The servants had not seen him in the house. The workmen had not seen him outside. His name was cried through all the rooms, the farm buildings, and the Barn.
Then a single cry of astonishment and alarm directed the searchers to a stable, and peering over the half door they beheld at first a darkness, then ‘Mustard’ the huge chestnut cart-horse who had kicked Sam, and lastly, embracing the hocks of this irritable and exasperated beast, a tiny figure crooning to himself and the animal a little song. It was Eric. They called to him in whispers to come away. And Eric came – reluctantly.
Then ‘Damn us all!’ cried Trigg, touching his hat to Mrs. Harvey, to indicate that the oath carried no disrespect – ‘Damn us all! this ‘un must be a soldier. Nothing won’t harm ‘ee ‘tis certain. Make ‘un a brave soldier ma’am. No bullet with kill ‘ee!’
But – Bill Trigg lied.
CHAPTER III
It is necessary to hurry on. But there are things which must be said.

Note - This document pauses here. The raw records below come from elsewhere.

lemma admissible_density_suminf:
  fixes f :: "nat \<Rightarrow> 'a \<Rightarrow> ennreal"
  assumes meas: "\<forall>X\<in>XX. X \<in> borel_measurable P"
    and f: "\<And>n. admissible_density P XX (f n)"
  obtains h where "admissible_density P XX h" "\<And>n x. 0 < f n x \<Longrightarrow> 0 < h x"
proof -
  have f_meas[measurable]: "\<And>n. f n \<in> borel_measurable P"
    and f_prob: "\<And>n. prob_space (density P (f n))"
    and f_ui: "\<And>n. unif_integrable (density P (f n)) XX"
    using f by (auto simp: admissible_density_def)
  define b where "b n m = (SUP X\<in>XX. \<integral>\<^sup>+\<omega>. tail_part X m \<omega> \<partial>density P (f n))" for n m
  define \<beta> where "\<beta> n = enn2real (b n 0)" for n
  have "b n 0 < \<infinity>" for n
    unfolding b_def
    by (rule unif_integrable_SUP_nn_integral_less_top[OF f_prob _ f_ui])
      (use meas in \<open>simp cong: measurable_cong_sets\<close>)
  then have \<beta>: "\<And>n. b n 0 = ennreal (\<beta> n)" "\<And>n. 0 \<le> \<beta> n"
    by (simp_all add: \<beta>_def less_top)
  obtain c where c_pos: "\<And>n. 0 < c n" and c_sums: "c sums 1"
    and c_\<beta>: "summable (\<lambda>n. c n * \<beta> n)"
    using exists_weights_sums_1[of \<beta>] \<beta>(2) by blast
  define h where "h x = (\<Sum>n. ennreal (c n) * f n x)" for x
  have h_meas[measurable]: "h \<in> borel_measurable P"
    unfolding h_def by measurable
  have h_integral: "(\<integral>\<^sup>+x. h x * g x \<partial>P) = (\<Sum>n. ennreal (c n) * \<integral>\<^sup>+x. g x \<partial>density P (f n))"
    if [measurable]: "g \<in> borel_measurable P" for g
    unfolding h_def by (simp add: nn_integral_suminf_cmult_mult nn_integral_density)
  have h_prob: "prob_space (density P h)"
  proof
    have "emeasure (density P h) (space (density P h)) = (\<integral>\<^sup>+x. h x * 1 \<partial>P)"
      by (auto simp: emeasure_density intro!: nn_integral_cong)
    also have "\<dots> = (\<Sum>n. ennreal (c n))"
      using h_integral[of "\<lambda>_. 1"] prob_space.emeasure_space_1[OF f_prob] by simp
    also have "\<dots> = 1"
      using c_sums c_pos by (simp add: less_imp_le sums_iff suminf_ennreal2)
    finally show "emeasure (density P h) (space (density P h)) = 1" .
  qed
  have h_ui: "unif_integrable (density P h) XX"
  proof -
    define T where "T m = (\<Sum>n. ennreal (c n) * b n m)" for m
    have tail_le: "(\<integral>\<^sup>+\<omega>. tail_part X m \<omega> \<partial>density P h) \<le> T m" if X: "X \<in> XX" for X m
    proof -
      have [measurable]: "X \<in> borel_measurable P"
        using X meas by auto
      have "(\<integral>\<^sup>+\<omega>. tail_part X m \<omega> \<partial>density P h)
          = (\<Sum>n. ennreal (c n) * \<integral>\<^sup>+\<omega>. tail_part X m \<omega> \<partial>density P (f n))"
        by (simp add: nn_integral_density h_integral)
      also have "\<dots> \<le> T m"
        unfolding T_def b_def by (intro suminf_le mult_left_mono SUP_upper X) auto
      finally show ?thesis .
    qed
    have T_lim: "T \<longlonglongrightarrow> 0"
      unfolding T_def
    proof (rule suminf_tendsto_0_decseq)
      have "decseq (b n)" for n
        unfolding b_def by (intro decseq_SucI SUP_mono' nn_integral_mono tail_part_antimono) auto
      then show "decseq (\<lambda>m. ennreal (c n) * b n m)" for n
        by (intro decseq_SucI mult_left_mono) (auto simp: decseq_Suc_iff)
      show "(\<lambda>m. ennreal (c n) * b n m) \<longlonglongrightarrow> 0" for n
      proof -
        have "b n \<longlonglongrightarrow> 0"
          using f_ui[of n] unfolding unif_integrable_iff_tail_part b_def .
        then show ?thesis
          using ennreal_tendsto_cmult[of "ennreal (c n)" "b n" 0] by simp
      qed
      have "(\<Sum>n. ennreal (c n) * b n 0) = ennreal (\<Sum>n. c n * \<beta> n)"
        using c_\<beta> c_pos \<beta>
        by (simp add: ennreal_mult'[symmetric] suminf_ennreal2 less_imp_le)
      then show "(\<Sum>n. ennreal (c n) * b n 0) < \<infinity>"
        by simp
    qed
    show ?thesis
      unfolding unif_integrable_iff_tail_part
      by (rule tendsto_sandwich[OF _ _ tendsto_const T_lim])
        (auto intro!: always_eventually SUP_least tail_le)
  qed
  have h_supp: "0 < h x" if "0 < f n x" for n x
  proof -
    have "0 < ennreal (c n) * f n x"
      using that c_pos[of n] by (simp add: ennreal_zero_less_mult_iff)
    also have "\<dots> \<le> h x"
      unfolding h_def by (metis ennreal_suminf_lessD not_le order_less_irrefl)
    finally show ?thesis .
  qed
  show ?thesis
    by (rule that) (use h_meas h_prob h_ui h_supp in \<open>auto simp: admissible_density_def\<close>)
qed
lemma exp_minus_diff_bounds:
  fixes t t' :: real
  assumes "t \<le> t'"
  shows "exp (-t') * (t' - t) \<le> exp (-t) - exp (-t')"
    and "exp (-t) - exp (-t') \<le> exp (-t) * (t' - t)"
proof -
  define u where "u = t' - t"
  have u: "0 \<le> u" using assms by (simp add: u_def)
  have split: "exp (-t') = exp (-t) * exp (-u)" by (simp add: u_def flip: exp_add)
  have "exp (-u) * (1 + u) \<le> exp (-u) * exp u"
    by (intro mult_left_mono exp_ge_add_one_self) auto
  then have "exp (-u) * u \<le> 1 - exp (-u)" by (simp add: exp_minus field_simps)
  from mult_left_mono[OF this, of "exp (-t)"]
  show "exp (-t') * (t' - t) \<le> exp (-t) - exp (-t')"
    by (simp add: split u_def[symmetric] algebra_simps)
  have "1 - exp (-u) \<le> u" using exp_ge_add_one_self[of "-u"] by simp
  from mult_left_mono[OF this, of "exp (-t)"]
  show "exp (-t) - exp (-t') \<le> exp (-t) * (t' - t)"
    by (simp add: split u_def[symmetric] algebra_simps)
qed

lemma emeasure_density_ge_const:
  assumes [measurable]: "f \<in> borel_measurable M" "A \<in> sets M"
    and "\<And>x. x \<in> A \<Longrightarrow> c \<le> f x"
  shows "c * emeasure M A \<le> emeasure (density M f) A"
proof -
  have "c * emeasure M A = (\<integral>\<^sup>+x. c * indicator A x \<partial>M)"
    using assms(2) by (simp add: nn_integral_cmult_indicator)
  also have "\<dots> \<le> (\<integral>\<^sup>+x. f x * indicator A x \<partial>M)"
    using assms(3) by (intro nn_integral_mono) (simp split: split_indicator)
  finally show ?thesis
    by (simp add: emeasure_density)
qed

lemma emeasure_density_le_const:
  assumes [measurable]: "f \<in> borel_measurable M" "A \<in> sets M"
    and "\<And>x. x \<in> A \<Longrightarrow> f x \<le> d"
  shows "emeasure (density M f) A \<le> d * emeasure M A"
proof -
  have "(\<integral>\<^sup>+x. f x * indicator A x \<partial>M) \<le> (\<integral>\<^sup>+x. d * indicator A x \<partial>M)"
    using assms(3) by (intro nn_integral_mono) (simp split: split_indicator)
  also have "\<dots> = d * emeasure M A"
    using assms(2) by (simp add: nn_integral_cmult_indicator)
  finally show ?thesis
    by (simp add: emeasure_density)
qed

lemma emeasure_lborel_complex_disc:
  assumes "0 \<le> t"
  shows "emeasure lborel {z::complex. (cmod z)\<^sup>2 \<le> t} = ennreal (pi * t)"
proof -
  have "{z::complex. (cmod z)\<^sup>2 \<le> t} = cball 0 (sqrt t)"
  proof (rule set_eqI)
    fix z :: complex
    have "cmod z \<le> sqrt t \<longleftrightarrow> (cmod z)\<^sup>2 \<le> t"
      by (metis real_sqrt_le_iff real_sqrt_abs abs_norm_cancel)
    then show "z \<in> {z. (cmod z)\<^sup>2 \<le> t} \<longleftrightarrow> z \<in> cball 0 (sqrt t)"
      by simp
  qed
  then show ?thesis
    using assms by (simp add: emeasure_cball unit_ball_vol_2)
qed

lemma emeasure_lborel_complex_annulus:
  assumes "0 \<le> t" "t \<le> t'"
  shows "emeasure lborel {z::complex. t < (cmod z)\<^sup>2 \<and> (cmod z)\<^sup>2 \<le> t'} = ennreal (pi * (t' - t))"
proof -
  have "{z::complex. t < (cmod z)\<^sup>2 \<and> (cmod z)\<^sup>2 \<le> t'} =
      {z. (cmod z)\<^sup>2 \<le> t'} - {z. (cmod z)\<^sup>2 \<le> t}"
    by auto
  also have "emeasure lborel \<dots> = ennreal (pi * t') - ennreal (pi * t)"
    using assms by (subst emeasure_Diff) (auto simp: emeasure_lborel_complex_disc)
  also have "\<dots> = ennreal (pi * (t' - t))"
    using assms by (subst ennreal_minus) (auto simp: algebra_simps)
  finally show ?thesis .
qed

definition cn01_measure :: "complex measure" where
  "cn01_measure = density lborel cn01_density"

lemma cn01_density_measurable [measurable]: "cn01_density \<in> borel_measurable borel"
  unfolding cn01_density_def[abs_def] by measurable

lemma emeasure_cn01_disc_le:
  assumes "0 \<le> t"
  shows "emeasure cn01_measure {z. (cmod z)\<^sup>2 \<le> t} \<le> ennreal t"
proof -
  have "emeasure cn01_measure {z. (cmod z)\<^sup>2 \<le> t} \<le> ennreal (1 / pi) * emeasure lborel {z::complex. (cmod z)\<^sup>2 \<le> t}"
    unfolding cn01_measure_def
    by (rule emeasure_density_le_const) (auto simp: cn01_density_def intro!: ennreal_leI divide_right_mono)
  also have "\<dots> = ennreal t"
    using assms by (simp add: emeasure_lborel_complex_disc flip: ennreal_mult)
  finally show ?thesis .
qed

lemma emeasure_cn01_annulus_bounds:
  assumes "0 \<le> t" "t \<le> t'"
  defines "A \<equiv> {z::complex. t < (cmod z)\<^sup>2 \<and> (cmod z)\<^sup>2 \<le> t'}"
  shows "ennreal (exp (-t') * (t' - t)) \<le> emeasure cn01_measure A"
    and "emeasure cn01_measure A \<le> ennreal (exp (-t) * (t' - t))"
proof -
  have [measurable]: "A \<in> sets lborel" unfolding A_def by measurable
  have area: "emeasure lborel A = ennreal (pi * (t' - t))"
    using assms(1,2) unfolding A_def by (rule emeasure_lborel_complex_annulus)
  have "ennreal (exp (-t') * (t' - t)) = ennreal (exp (-t') / pi) * emeasure lborel A"
    using assms(1,2) by (simp add: area flip: ennreal_mult)
  also have "\<dots> \<le> emeasure cn01_measure A"
    unfolding cn01_measure_def
    by (rule emeasure_density_ge_const) (auto simp: A_def cn01_density_def intro!: ennreal_leI divide_right_mono)
  finally show "ennreal (exp (-t') * (t' - t)) \<le> emeasure cn01_measure A" .
  have "emeasure cn01_measure A \<le> ennreal (exp (-t) / pi) * emeasure lborel A"
    unfolding cn01_measure_def
    by (rule emeasure_density_le_const) (auto simp: A_def cn01_density_def intro!: ennreal_leI divide_right_mono)
  also have "\<dots> = ennreal (exp (-t) * (t' - t))"
    using assms(1,2) by (simp add: area flip: ennreal_mult)
  finally show "emeasure cn01_measure A \<le> ennreal (exp (-t) * (t' - t))" .
qed

lemma measure_cn01_disc_increment_bounds:
  assumes "0 \<le> t" "t \<le> t'"
  defines "F \<equiv> \<lambda>s. measure cn01_measure {z. (cmod z)\<^sup>2 \<le> s}"
  shows "exp (-t') * (t' - t) \<le> F t' - F t" and "F t' - F t \<le> exp (-t) * (t' - t)"
proof -
  define A where "A = {z::complex. t < (cmod z)\<^sup>2 \<and> (cmod z)\<^sup>2 \<le> t'}"
  have sets [measurable]: "A \<in> sets cn01_measure" "{z. (cmod z)\<^sup>2 \<le> s} \<in> sets cn01_measure" for s
    by (simp_all add: cn01_measure_def A_def)
  have A_le: "emeasure cn01_measure A \<le> ennreal (exp (-t) * (t' - t))"
    and A_ge: "ennreal (exp (-t') * (t' - t)) \<le> emeasure cn01_measure A"
    using emeasure_cn01_annulus_bounds[OF assms(1,2)] by (simp_all add: A_def)
  have "emeasure cn01_measure {z. (cmod z)\<^sup>2 \<le> t} \<noteq> \<infinity>"
    using emeasure_cn01_disc_le[OF assms(1)] by (auto simp: top_unique)
  moreover have "emeasure cn01_measure A \<noteq> \<infinity>"
    using A_le by (auto simp: top_unique)
  moreover have "{z. (cmod z)\<^sup>2 \<le> t'} = {z. (cmod z)\<^sup>2 \<le> t} \<union> A"
    "{z. (cmod z)\<^sup>2 \<le> t} \<inter> A = {}"
    using assms(2) by (auto simp: A_def)
  ultimately have "F t' - F t = measure cn01_measure A"
    unfolding F_def by (simp add: measure_Union)
  moreover have "emeasure cn01_measure A = ennreal (measure cn01_measure A)"
    using \<open>emeasure cn01_measure A \<noteq> \<infinity>\<close> by (simp add: emeasure_eq_ennreal_measure)
  ultimately show "exp (-t') * (t' - t) \<le> F t' - F t" "F t' - F t \<le> exp (-t) * (t' - t)"
    using A_le A_ge assms by (simp_all add: ennreal_le_iff)
qed

text \<open>The disc mass has the same increments as \<open>1 - exp (-t)\<close> up to a quadratic error,
  so the two differ by a constant; both vanish at 0.\<close>
lemma measure_cn01_disc:
  assumes "0 \<le> t"
  shows "measure cn01_measure {z. (cmod z)\<^sup>2 \<le> t} = 1 - exp (-t)"
proof -
  define F where "F s = measure cn01_measure {z. (cmod z)\<^sup>2 \<le> s}" for s
  define H where "H s = F s - (1 - exp (-s))" for s
  have increment: "\<bar>H y - H x\<bar> \<le> (y - x)\<^sup>2" if "0 \<le> x" "x \<le> y" for x y
  proof -
    have F: "exp (-y) * (y - x) \<le> F y - F x" "F y - F x \<le> exp (-x) * (y - x)"
      using measure_cn01_disc_increment_bounds[OF that] by (simp_all add: F_def)
    have E: "exp (-y) * (y - x) \<le> exp (-x) - exp (-y)" "exp (-x) - exp (-y) \<le> exp (-x) * (y - x)"
      using exp_minus_diff_bounds[OF that(2)] by simp_all
    have "\<bar>H y - H x\<bar> \<le> (exp (-x) - exp (-y)) * (y - x)"
      using F E unfolding H_def by (simp add: abs_le_iff algebra_simps)
    also have "\<dots> \<le> (exp (-x) * (y - x)) * (y - x)"
      using E that by (intro mult_right_mono) auto
    also have "\<dots> \<le> 1 * (y - x) * (y - x)"
      using that by (intro mult_right_mono) auto
    finally show ?thesis by (simp add: power2_eq_square)
  qed
  have "H t = H 0"
  proof (rule constant_if_quadratic_increments[where H = H and S = "{0..}"])
    fix x y :: real assume "x \<in> {0..}" "y \<in> {0..}"
    then show "\<bar>H y - H x\<bar> \<le> (y - x)\<^sup>2"
      using increment[of x y] increment[of y x] by (cases "x \<le> y") (auto simp: abs_minus_commute power2_commute)
  qed (use assms in auto)
  moreover have "F 0 = 0"
    using emeasure_cn01_disc_le[of 0] by (simp add: F_def measure_def)
  ultimately show ?thesis by (simp add: H_def F_def)
qed

lemma cn01_norm_sq_exponential:
  assumes "distributed M lborel h cn01_density"
  shows "distributed M lborel (\<lambda>\<omega>. (cmod (h \<omega>))\<^sup>2) (exponential_density 1)"
proof -
  have [measurable]: "h \<in> borel_measurable M"
    using distributed_measurable[OF assms] by simp
  show ?thesis
  proof (rule exponential_distributedI)
    fix t :: real assume "0 \<le> t"
    have "emeasure M {\<omega> \<in> space M. (cmod (h \<omega>))\<^sup>2 \<le> t} = emeasure (distr M lborel h) {z. (cmod z)\<^sup>2 \<le> t}"
      by (subst emeasure_distr) (auto intro!: arg_cong[where f = "emeasure M"])
    also have "\<dots> = emeasure cn01_measure {z. (cmod z)\<^sup>2 \<le> t}"
      by (simp add: distributed_distr_eq_density[OF assms] cn01_measure_def)
    also have "\<dots> = ennreal (measure cn01_measure {z. (cmod z)\<^sup>2 \<le> t})"
      using emeasure_cn01_disc_le[OF \<open>0 \<le> t\<close>]
      by (intro emeasure_eq_ennreal_measure) (auto simp: top_unique)
    also have "\<dots> = ennreal (1 - exp (-t))"
      using measure_cn01_disc[OF \<open>0 \<le> t\<close>] by simp
    finally show "emeasure M {\<omega> \<in> space M. (cmod (h \<omega>))\<^sup>2 \<le> t} = 1 - ennreal (exp (- t * 1))"
      by (simp add: ennreal_minus ennreal_1[symmetric] del: ennreal_1)
  qed simp_all
qed

lemma AE_exponential_nonneg: "AE x in density lborel (exponential_density 1). 0 \<le> x"
  by (subst AE_density) (auto simp: exponential_density_def)
text \<open>Under the quantile coupling the light vector is coordinatewise dominated in absolute value
  by the heavy one, and the contraction principle costs a factor 2.\<close>
lemma prob_weighted_sum_tail_le:
  fixes w :: "'a \<Rightarrow> real"
  assumes fin: "finite I" and "0 \<le> u"
  shows "weighted_sum_tail \<nu> I w u \<le> 2 * weighted_sum_tail \<mu> I w u"
proof -
  define U where "U = PiM I (\<lambda>_. uniform_01)"
  interpret U: prob_space U unfolding U_def by (intro prob_space_PiM prob_space_uniform_01)
  define coupled_count where
    "coupled_count M V = real (sign_tail_count I u (\<lambda>i. w i * quantile M (V i)))" for M V
  have integrable: "integrable U (coupled_count M)" if "real_distribution M" for M
  proof (rule U.integrable_const_bound[where B = "card (sign_vectors I)"])
    show "AE V in U. norm (coupled_count M V) \<le> real (card (sign_vectors I))"
      using sign_tail_count_le_card[OF fin] by (simp add: coupled_count_def)
    show "coupled_count M \<in> borel_measurable U"
      unfolding coupled_count_def[abs_def] U_def
      by (intro borel_measurable_sign_tail_count fin borel_measurable_times borel_measurable_const
          measurable_compose[OF _ real_distribution.borel_measurable_quantile[OF that]]
          measurable_component_singleton)
  qed
  have "coupled_count \<nu> V \<le> 2 * coupled_count \<mu> V" if "V \<in> space U" for V
  proof -
    have "0 < V i \<and> V i < 1" if "i \<in> I" for i
      using \<open>V \<in> space U\<close> that
      by (auto simp: U_def uniform_01_def space_PiM PiE_iff space_restrict_space)
    then have "sign_tail_count I u (\<lambda>i. w i * quantile \<nu> (V i))
        \<le> 2 * sign_tail_count I u (\<lambda>i. w i * quantile \<mu> (V i))"
      by (intro sign_tail_count_contraction fin \<open>0 \<le> u\<close>)
        (auto simp: abs_mult intro!: mult_left_mono abs_quantile_light_le_heavy)
    then show ?thesis by (simp add: coupled_count_def)
  qed
  then have "integral\<^sup>L U (coupled_count \<nu>) \<le> integral\<^sup>L U (\<lambda>V. 2 * coupled_count \<mu> V)"
    using integrable heavy.real_distribution_axioms light.real_distribution_axioms
    by (intro integral_mono) auto
  then have "real (card (sign_vectors I)) * weighted_sum_tail \<nu> I w u
      \<le> real (card (sign_vectors I)) * (2 * weighted_sum_tail \<mu> I w u)"
    using light.measure_tail_quantile_coupling[OF fin symmetric_light, of u w]
      heavy.measure_tail_quantile_coupling[OF fin symmetric_heavy, of u w]
    by (simp add: U_def coupled_count_def[abs_def])
  moreover have "0 < card (sign_vectors I)"
    using fin by (simp add: card_gt_0_iff finite_sign_vectors sign_vectors_nonempty)
  ultimately show ?thesis by simp
qed

end

section \<open>Weighted sums of centered normals\<close>

lemma indep_vars_PiM_coordinates:
  assumes "I \<noteq> {}" and M: "\<And>i. i \<in> I \<Longrightarrow> prob_space (M i)"
  shows "prob_space.indep_vars (PiM I M) M (\<lambda>i x. x i) I"
proof -
  interpret P: prob_space "PiM I M" by (intro prob_space_PiM M)
  have "distr (PiM I M) (PiM I M) (\<lambda>x. restrict x I) = distr (PiM I M) (PiM I M) (\<lambda>x. x)"
    by (intro distr_cong) (auto simp: space_PiM)
  also have "\<dots> = PiM I (\<lambda>i. distr (PiM I M) (M i) (\<lambda>x. x i))"
    using M by (auto simp: distr_PiM_component intro!: PiM_cong)
  finally show ?thesis
    by (subst P.indep_vars_iff_distr_eq_PiM'[OF \<open>I \<noteq> {}\<close>]) auto
qed

definition centered_normal :: "real \<Rightarrow> real measure" where
  "centered_normal \<sigma> = density lborel (normal_density 0 \<sigma>)"

lemma real_distribution_centered_normal: "0 < \<sigma> \<Longrightarrow> real_distribution (centered_normal \<sigma>)"
  unfolding real_distribution_def real_distribution_axioms_def centered_normal_def
  using prob_space_normal_density by auto

lemma distributed_centered_normal:
  "distributed (centered_normal \<sigma>) lborel (\<lambda>x. x) (normal_density 0 \<sigma>)"
  unfolding distributed_def centered_normal_def by (auto simp: distr_id2)

lemma distr_centered_normal_scale:
  assumes "0 < \<sigma>" and "a \<noteq> 0"
  shows "distr (centered_normal \<sigma>) lborel (\<lambda>x. a * x) = centered_normal (\<bar>a\<bar> * \<sigma>)"
proof -
  interpret real_distribution "centered_normal \<sigma>"
    by (rule real_distribution_centered_normal[OF \<open>0 < \<sigma>\<close>])
  show ?thesis
    using normal_density_affine[OF distributed_centered_normal assms, of 0]
    by (simp add: distributed_def centered_normal_def)
qed

lemma symmetric_law_centered_normal:
  assumes "0 < \<sigma>"
  shows "symmetric_law (centered_normal \<sigma>)"
proof -
  have "distr (centered_normal \<sigma>) borel uminus = distr (centered_normal \<sigma>) lborel (\<lambda>x. -1 * x)"
    by (intro distr_cong) auto
  then show ?thesis
    using distr_centered_normal_scale[OF assms, of "-1"] by (simp add: symmetric_law_def)
qed

lemma measure_centered_normal_abs_greater:
  assumes "0 < \<sigma>"
  shows "measure (centered_normal \<sigma>) {x. t < \<bar>x\<bar>}
    = measure (density lborel std_normal_density) {g. t < \<bar>\<sigma> * g\<bar>}"
proof -
  have "measure (centered_normal \<sigma>) {x. t < \<bar>x\<bar>}
      = measure (distr (centered_normal 1) lborel (\<lambda>g. \<sigma> * g)) {x. t < \<bar>x\<bar>}"
    using distr_centered_normal_scale[of 1 \<sigma>] assms by simp
  also have "\<dots> = measure (density lborel std_normal_density) {g. t < \<bar>\<sigma> * g\<bar>}"
    by (subst measure_distr) (auto simp: centered_normal_def)
  finally show ?thesis .
qed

The farm lay in Severn Valley; a region of rich, well-fruited land, attached to a city famous in history, inhabited first by the little long-headed dark Iberians; built, destroyed and rebuilded again and again. Caer Glow, Glevum, Gloucester – call it what you will – it had echoed the tragedies and the comedies of a thousand years of rich life.
Tall and bright; like a lily in the hands of Morning – the tower of its exquisite and enduring cathedral dominated for a surrounding ten miles the low meadows, and influenced powerfully, if in diverse ways, the thoughts of those who worked therein.
Its chimes were perhaps a call to God; perhaps a ringing from faery, a call to bait, a musical snore of the church, a floating heaven-dropped word to conscience, a hail to the rustic Whittington eager of success, a solace to such (alike weary) as had found, or failed to find that bauble, a renunciation of sin, an invitation to it.
It stood, to some, for escape; to some, for sweet content. A beacon-fire of Christ: a beacon-blaze of the devil – all things to all men; there it stood!
Beyond it the high Cotswolds, scarred white with quarries, and enveloped in mist like the bloom on the ripened plums, stretched mile after mile in sharp though shadowed outline …
Such, on one coast was the ocean of influence (for it is with influences that a novelist is concerned) surrounding that farm which has been spoken of, with deliberation, as an island.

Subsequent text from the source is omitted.